What Not To Wear star Trinny Woodall makes a £27million Instagram fortune in one year after those hilariously bizarre DIY make-up videos
She’s best known as one half of the acerbic posh pair who counselled ‘fashion disasters’ sopra BBC makeover show What Not To Wear.
Now Trinny Woodall has undergone a transformation of her own – becoming one of Britain’s most successful beauty entrepreneurs.
Newly filed documents reveal her brand Trinny Londra more than tripled its turnover in a year to a huge £44.2million. One of her most popular products, a £35 glow-boosting suncream, is said to be sold every ten seconds.
L'attività, which she set up in 2017, made a gross profit of £27.4million in the year to March 2021, a massive increase on the previous year’s £8.5million.
Sales outside Europe soared from £1.9million to £13.4million, according to the accounts filed at Companies House this week.

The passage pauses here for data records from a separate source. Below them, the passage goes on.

(* Let $(X,d)$ be a Hadamard space, $\|\cdot\|$ a norm on $\mathbb R^s$, and $f:\mathbb R^s\to X$ Lipschitz with constant $C>0$, i.e. $d(f(t),f(u))\le C\|t-u\|$. Let $S$ be the barycentric scheme on $X$ of a mask $\mathbf a$ with $\operatorname{supp}(\mathbf a)\subseteq\{v\in\mathbb R^s:\|v\|\le r\}$, and suppose $S$ is convergent. For $h>0$ let $x_i=f(hi)$, $i\in\mathbb Z^s$ (assume $x$ bounded). Then $$\sup_{t\in\mathbb R^s}d\big(S^\infty x(t/h),f(t)\big)\le rCh.$$
   Context: Hadamard space: complete metric space $(X,d)$ such that for any $x_0,x_1\in X$ there is $y$ with $d(z,y)^2\le\frac12d(z,x_0)^2+\frac12d(z,x_1)^2-\frac14d(x_0,x_1)^2$ for all $z$. Mask: finitely supported nonnegative $(a_i)_{i\in\mathbb Z^s}$ with $\sum_ja_{i-2j}=1$ for all $i$. Barycentric scheme: $Sx_i=\operatorname{argmin}_{y\in X}\sum_ja_{i-2j}d^2(x_j,y)$. $S$ convergent means: for every bounded $x$ there is a continuous $S^\infty x:\mathbb R^s\to X$ with $\sup_jd(S^\infty x(j/2^n),(S^nx)_j)\to0$ as $n\to\infty$. *)

theory Defs
  imports "HOL-Analysis.Analysis"
begin

text \<open>Hadamard space: a complete metric space (type class complete_space) satisfying
  the midpoint (CAT(0)) inequality.\<close>
definition hadamard :: "'a::complete_space itself \<Rightarrow> bool" where
  "hadamard _ \<longleftrightarrow> (\<forall>x0 x1::'a. \<exists>y. \<forall>z.
      (dist z y)\<^sup>2 \<le> (dist z x0)\<^sup>2 / 2 + (dist z x1)\<^sup>2 / 2 - (dist x0 x1)\<^sup>2 / 4)"

definition is_norm :: "(real ^ 's \<Rightarrow> real) \<Rightarrow> bool" where
  "is_norm N \<longleftrightarrow> (\<forall>v. 0 \<le> N v) \<and> (\<forall>v. N v = 0 \<longleftrightarrow> v = 0)
     \<and> (\<forall>c v. N (c *\<^sub>R v) = \<bar>c\<bar> * N v) \<and> (\<forall>u v. N (u + v) \<le> N u + N v)"

definition vec_of_int :: "int ^ 's \<Rightarrow> real ^ 's" where
  "vec_of_int i = (\<chi> k. real_of_int (i $ k))"

definition twice :: "int ^ 's \<Rightarrow> int ^ 's" where
  "twice j = (\<chi> k. 2 * j $ k)"

definition is_mask :: "(int ^ 's \<Rightarrow> real) \<Rightarrow> bool" where
  "is_mask a \<longleftrightarrow> finite {i. a i \<noteq> 0} \<and> (\<forall>i. 0 \<le> a i)
     \<and> (\<forall>i. (\<Sum>j\<in>{j. a (i - twice j) \<noteq> 0}. a (i - twice j)) = 1)"

definition bary_step :: "(int ^ 's \<Rightarrow> real) \<Rightarrow> (int ^ 's \<Rightarrow> 'a::metric_space) \<Rightarrow> int ^ 's \<Rightarrow> 'a" where
  "bary_step a x i = (SOME y. \<forall>z.
      (\<Sum>j\<in>{j. a (i - twice j) \<noteq> 0}. a (i - twice j) * (dist (x j) y)\<^sup>2)
      \<le> (\<Sum>j\<in>{j. a (i - twice j) \<noteq> 0}. a (i - twice j) * (dist (x j) z)\<^sup>2))"

definition is_bary_limit :: "(int ^ 's \<Rightarrow> real) \<Rightarrow> (int ^ 's \<Rightarrow> 'a::metric_space) \<Rightarrow> (real ^ 's \<Rightarrow> 'a) \<Rightarrow> bool" where
  "is_bary_limit a x F \<longleftrightarrow> continuous_on UNIV F \<and>
     (\<forall>e>0. \<forall>\<^sub>F n in sequentially. \<forall>j.
        dist (F ((1 / 2 ^ n) *\<^sub>R vec_of_int j)) ((bary_step a ^^ n) x j) \<le> e)"

definition bary_convergent :: "(int ^ 's \<Rightarrow> real) \<Rightarrow> 'a::metric_space itself \<Rightarrow> bool" where
  "bary_convergent a _ \<longleftrightarrow> (\<forall>x :: int ^ 's \<Rightarrow> 'a. bounded (range x) \<longrightarrow> (\<exists>F. is_bary_limit a x F))"

definition bary_limit :: "(int ^ 's \<Rightarrow> real) \<Rightarrow> (int ^ 's \<Rightarrow> 'a::metric_space) \<Rightarrow> real ^ 's \<Rightarrow> 'a" where
  "bary_limit a x = (SOME F. is_bary_limit a x F)"

end

theory Submission
  imports Defs
begin

(* Put x_i = f(h i) and compare the refined data (S^n x)_j with the
   samples f(h j / 2^n) of f on the finer grid.  The key geometric fact about
   Hadamard spaces is that a weighted barycenter of points X_j all lying within
   distance R of a point z is itself within distance R of z; it is proved by
   comparing the barycenter y with points m_t on the geodesic from y to z
   (obtained at dyadic parameters t from the midpoint inequality) and letting
   t -> 0.  One subdivision step at level n moves the comparison points by at
   most C r h / 2^(n+1) (Lipschitz bound plus the support radius of the mask),
   so by induction d((S^n x)_j, f(h j / 2^n)) <= r C h (1 - 2^-n).  Finally
   every point is a limit of dyadic grid points, and the continuity of the
   limit function S^infinity x and of f carries the bound to all of R^s. *)

section \<open>Abstract norms on R^s\<close>

lemma is_norm_minus: "is_norm N \<Longrightarrow> N (- v) = N v"
  unfolding is_norm_def by (metis abs_minus_cancel abs_one mult_1 scaleR_minus1_left)
definition one_dim_mod :: "'a::field \<Rightarrow> 'a wmod" where
  "one_dim_mod c = (mat 1 1 (\<lambda>_. c), 0\<^sub>m 1 1)"

definition two_dim_mod :: "'a::field \<Rightarrow> 'a \<Rightarrow> 'a \<Rightarrow> 'a wmod" where
  "two_dim_mod z0 z1 x =
    (mat_of_rows_list 2 [[z0, 0], [0, z1]], mat_of_rows_list 2 [[0, 0], [x, 0]])"

definition four_dim_mod :: "'a::field \<Rightarrow> 'a \<Rightarrow> 'a \<Rightarrow> 'a \<Rightarrow> 'a \<Rightarrow> 'a \<Rightarrow> 'a \<Rightarrow> 'a wmod" where
  "four_dim_mod z0 z1 z2 z3 d p p' =
    (mat_of_rows_list 4 [[z0, 0, 0, 0], [0, z1, 0, 0], [0, 0, z2, 0], [d, 0, 0, z3]],
     mat_of_rows_list 4 [[0, 0, 0, 0], [p, 0, 0, 0], [1, 0, 0, 0], [0, 1, p', 0]])"

lemma one_dim_mod_carrier: "one_dim_mod c \<in> wmod_carrier 1"
  by (simp add: one_dim_mod_def wmod_carrier_def)

lemma two_dim_mod_carrier: "two_dim_mod z0 z1 x \<in> wmod_carrier 2"
  by (simp add: two_dim_mod_def wmod_carrier_def mat_of_rows_list_carrier)

lemma four_dim_mod_carrier: "four_dim_mod z0 z1 z2 z3 d p p' \<in> wmod_carrier 4"
  by (simp add: four_dim_mod_def wmod_carrier_def mat_of_rows_list_carrier)

lemma Smod_eq: "Smod q i = one_dim_mod (q ^ i)"
  by (simp add: Smod_def one_dim_mod_def)

lemma N0mod_eq: "N0mod = one_dim_mod 0"
  by (auto simp: N0mod_def one_dim_mod_def intro!: eq_matI)

lemma Mmod_eq: "Mmod q i = two_dim_mod (q ^ i) (q ^ (i + 1)) 1"
  unfolding Mmod_def two_dim_mod_def by (auto intro!: eq_matI_upt simp: entrywise_simps)

lemma N1mod_eq: "N1mod = two_dim_mod 0 0 1"
  unfolding N1mod_def two_dim_mod_def by (auto intro!: eq_matI_upt simp: entrywise_simps)

lemma Mmod_carrier: "Mmod q i \<in> wmod_carrier 2"
  by (simp add: Mmod_eq two_dim_mod_carrier)

lemma wtensor_one_dim_left:
  assumes "(Z, X) \<in> wmod_carrier d"
  shows "wtensor n q a (one_dim_mod c) (Z, X) = (c \<cdot>\<^sub>m Z, c ^ n \<cdot>\<^sub>m X)"
  using assms
  by (auto simp: wtensor_def one_dim_mod_def wmod_carrier_def kron_one_by_one_left
      pow_one_by_one_mat_index zero_smult_mat)

lemma wtensor_one_dim_right:
  assumes "(Z, X) \<in> wmod_carrier d"
  shows "wtensor n q a (Z, X) (one_dim_mod c) = (c \<cdot>\<^sub>m Z, X)"
  using assms
  by (auto simp: wtensor_def one_dim_mod_def wmod_carrier_def kron_one_by_one_right zero_smult_mat)

lemma smult_two_by_two_diag:
  fixes c :: "'a::mult_zero"
  shows "c \<cdot>\<^sub>m mat_of_rows_list 2 [[z0, 0], [0, z1]] =
    mat_of_rows_list 2 [[c * z0, 0], [0, c * z1]]"
  by (rule eq_matI_upt) (simp_all add: entrywise_simps)

lemma smult_two_by_two_nilpotent:
  fixes c :: "'a::mult_zero"
  shows "c \<cdot>\<^sub>m mat_of_rows_list 2 [[0, 0], [x, 0]] = mat_of_rows_list 2 [[0, 0], [c * x, 0]]"
  by (rule eq_matI_upt) (simp_all add: entrywise_simps)

lemma wtensor_one_dim_one_dim: "wtensor n q a (one_dim_mod c) (one_dim_mod c') = one_dim_mod (c * c')"
proof -
  have "wtensor n q a (one_dim_mod c) (one_dim_mod c') =
    (c \<cdot>\<^sub>m mat 1 1 (\<lambda>_. c'), c ^ n \<cdot>\<^sub>m 0\<^sub>m 1 1)"
    unfolding one_dim_mod_def[of c']
    by (rule wtensor_one_dim_left[where d = 1]) (simp add: wmod_carrier_def)
  then show ?thesis by (auto simp: one_dim_mod_def intro!: eq_matI)
qed

lemma wtensor_one_dim_two_dim:
  "wtensor n q a (one_dim_mod c) (two_dim_mod z0 z1 x) = two_dim_mod (c * z0) (c * z1) (c ^ n * x)"
  using wtensor_one_dim_left[OF two_dim_mod_carrier[unfolded two_dim_mod_def]]
  by (simp add: two_dim_mod_def smult_two_by_two_diag smult_two_by_two_nilpotent)

lemma wtensor_two_dim_one_dim:
  "wtensor n q a (two_dim_mod z0 z1 x) (one_dim_mod c) = two_dim_mod (c * z0) (c * z1) x"
  using wtensor_one_dim_right[OF two_dim_mod_carrier[unfolded two_dim_mod_def]]
  by (simp add: two_dim_mod_def smult_two_by_two_diag)

lemma wtensor_two_dim_two_dim:
  "wtensor n q a (two_dim_mod x0 x1 1) (two_dim_mod y0 y1 1) =
   four_dim_mod (x0 * y0) (x0 * y1) (x1 * y0) (x1 * y1)
     (a * (1 - inverse (q ^ 2)) * x1 ^ (n + 1) * y1) (x0 ^ n) (x1 ^ n)"
  unfolding wtensor_def two_dim_mod_def four_dim_mod_def Let_def prod.case pow_two_by_two_diag
  \<comment> \<open>list lengths appear as \<open>Suc (Suc 0)\<close>; folding them back to 2 lets simp evaluate
    the \<open>div\<close> and \<open>mod\<close> in \<open>kron\<close>\<close>
  by (auto intro!: eq_matI_upt simp: kron_def entrywise_simps numeral_2_eq_2[symmetric])

lemma wdsum_one_dim: "wdsum (one_dim_mod c) (one_dim_mod c') = two_dim_mod c c' 0"
  unfolding wdsum_def one_dim_mod_def two_dim_mod_def Let_def prod.case
  by (auto intro!: eq_matI_upt simp: entrywise_simps)

lemma wdsum_two_dim:
  "wdsum (two_dim_mod z0 z1 1) (two_dim_mod z2 z3 1) =
   (mat_of_rows_list 4 [[z0, 0, 0, 0], [0, z1, 0, 0], [0, 0, z2, 0], [0, 0, 0, z3]],
    mat_of_rows_list 4 [[0, 0, 0, 0], [1, 0, 0, 0], [0, 0, 0, 0], [0, 0, 1, 0]])"
  unfolding wdsum_def two_dim_mod_def Let_def prod.case
  by (auto intro!: eq_matI_upt simp: entrywise_simps)

lemma two_dim_mod_rescale_iso:
  assumes "x \<noteq> 0" "y \<noteq> 0"
  shows "two_dim_mod z0 z1 x \<cong>\<^sub>w two_dim_mod z0 z1 y"
proof -
  define P :: "'a mat" where "P = mat_of_rows_list 2 [[x, 0], [0, y]]"
  define Q :: "'a mat" where "Q = mat_of_rows_list 2 [[1 / x, 0], [0, 1 / y]]"
  show ?thesis
    unfolding two_dim_mod_def
    by (rule wisoI[where d = 2 and P = P and Q = Q]; (rule eq_matI_upt)?)
      (simp_all add: P_def Q_def wmod_carrier_def mat_of_rows_list_carrier,
       use assms in \<open>simp_all add: entrywise_simps\<close>)
qed

lemma four_dim_mod_iso_wdsum:
  fixes w0 w1 w2 d p p' :: "'a::field"
  assumes "w0 \<noteq> w2 \<or> d = 0" and "p' = - p"
  shows "four_dim_mod w0 w1 w1 w2 d p p' \<cong>\<^sub>w wdsum (two_dim_mod w0 w1 1) (two_dim_mod w1 w2 1)"
proof -
  define t where "t = d / (w0 - w2)"
  have t: "d + t * w2 = t * w0"
    using assms(1) by (auto simp: t_def field_simps)
  \<comment> \<open>the columns of \<open>Q\<close> are the new basis \<open>e0 + t e3, p e1 + e2, e1, e3\<close>\<close>
  define P :: "'a mat"
    where "P = mat_of_rows_list 4 [[1, 0, 0, 0], [0, 0, 1, 0], [0, 1, - p, 0], [- t, 0, 0, 1]]"
  define Q :: "'a mat"
    where "Q = mat_of_rows_list 4 [[1, 0, 0, 0], [0, p, 1, 0], [0, 1, 0, 0], [t, 0, 0, 1]]"
  show ?thesis
    unfolding four_dim_mod_def wdsum_two_dim assms(2)
    by (rule wisoI[where d = 4 and P = P and Q = Q]; (rule eq_matI_upt)?)
      (simp_all add: P_def Q_def wmod_carrier_def mat_of_rows_list_carrier,
       use t in \<open>simp_all add: entrywise_simps algebra_simps\<close>)
qed

lemma primitive_root_nonzero:
  fixes q :: "'a::field"
  assumes "primitive_root m q" "m \<ge> 1"
  shows "q \<noteq> 0"
  using assms by (cases m) (auto simp: primitive_root_def)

Trinny Woodall has undergone a transformation of her own – becoming one of Britain’s most successful beauty entrepreneurs with her fashion brand Trinny London
The brand is said to employ 194 personale, sell 187 different products and have customers in 167 paesi.
The achievement is made all the more impressive by the fact that it happened during the pandemic, when many people ditched make-up because they were staying at home, and other companies saw sales plunge.
Social media has been key to the success of Trinny London, which has called itself a ‘digital brand’.
Miss Woodall posts hours of content on her Instagram account, sometimes multiple times a day, promoting her skincare and make-up products to her million followers. She receives tens of thousands of YouTube views a week.
Often appearing bare-faced and not afraid to pull bizarre expressions with hilarious effect has helped her to win legions of fans.
Miss Woodall posts hours of content on her Instagram account, sometimes multiple times a day, promoting her skincare and make-up products to her million followers. She receives tens of thousands of YouTube views a week
Describing social media as ‘essential’, Miss Woodall said: ‘If anyone leaves a comment on my channels, io “piace” it and respond. The more you can create a two-way interaction, the better.’
But it wasn’t all plain sailing, with the business losing £800,000 in its first year.
Miss Woodall, 57, has spoken of her tears at the first ‘appalling’ prototype of the Trinny London make-up products, which fitted together in a stack.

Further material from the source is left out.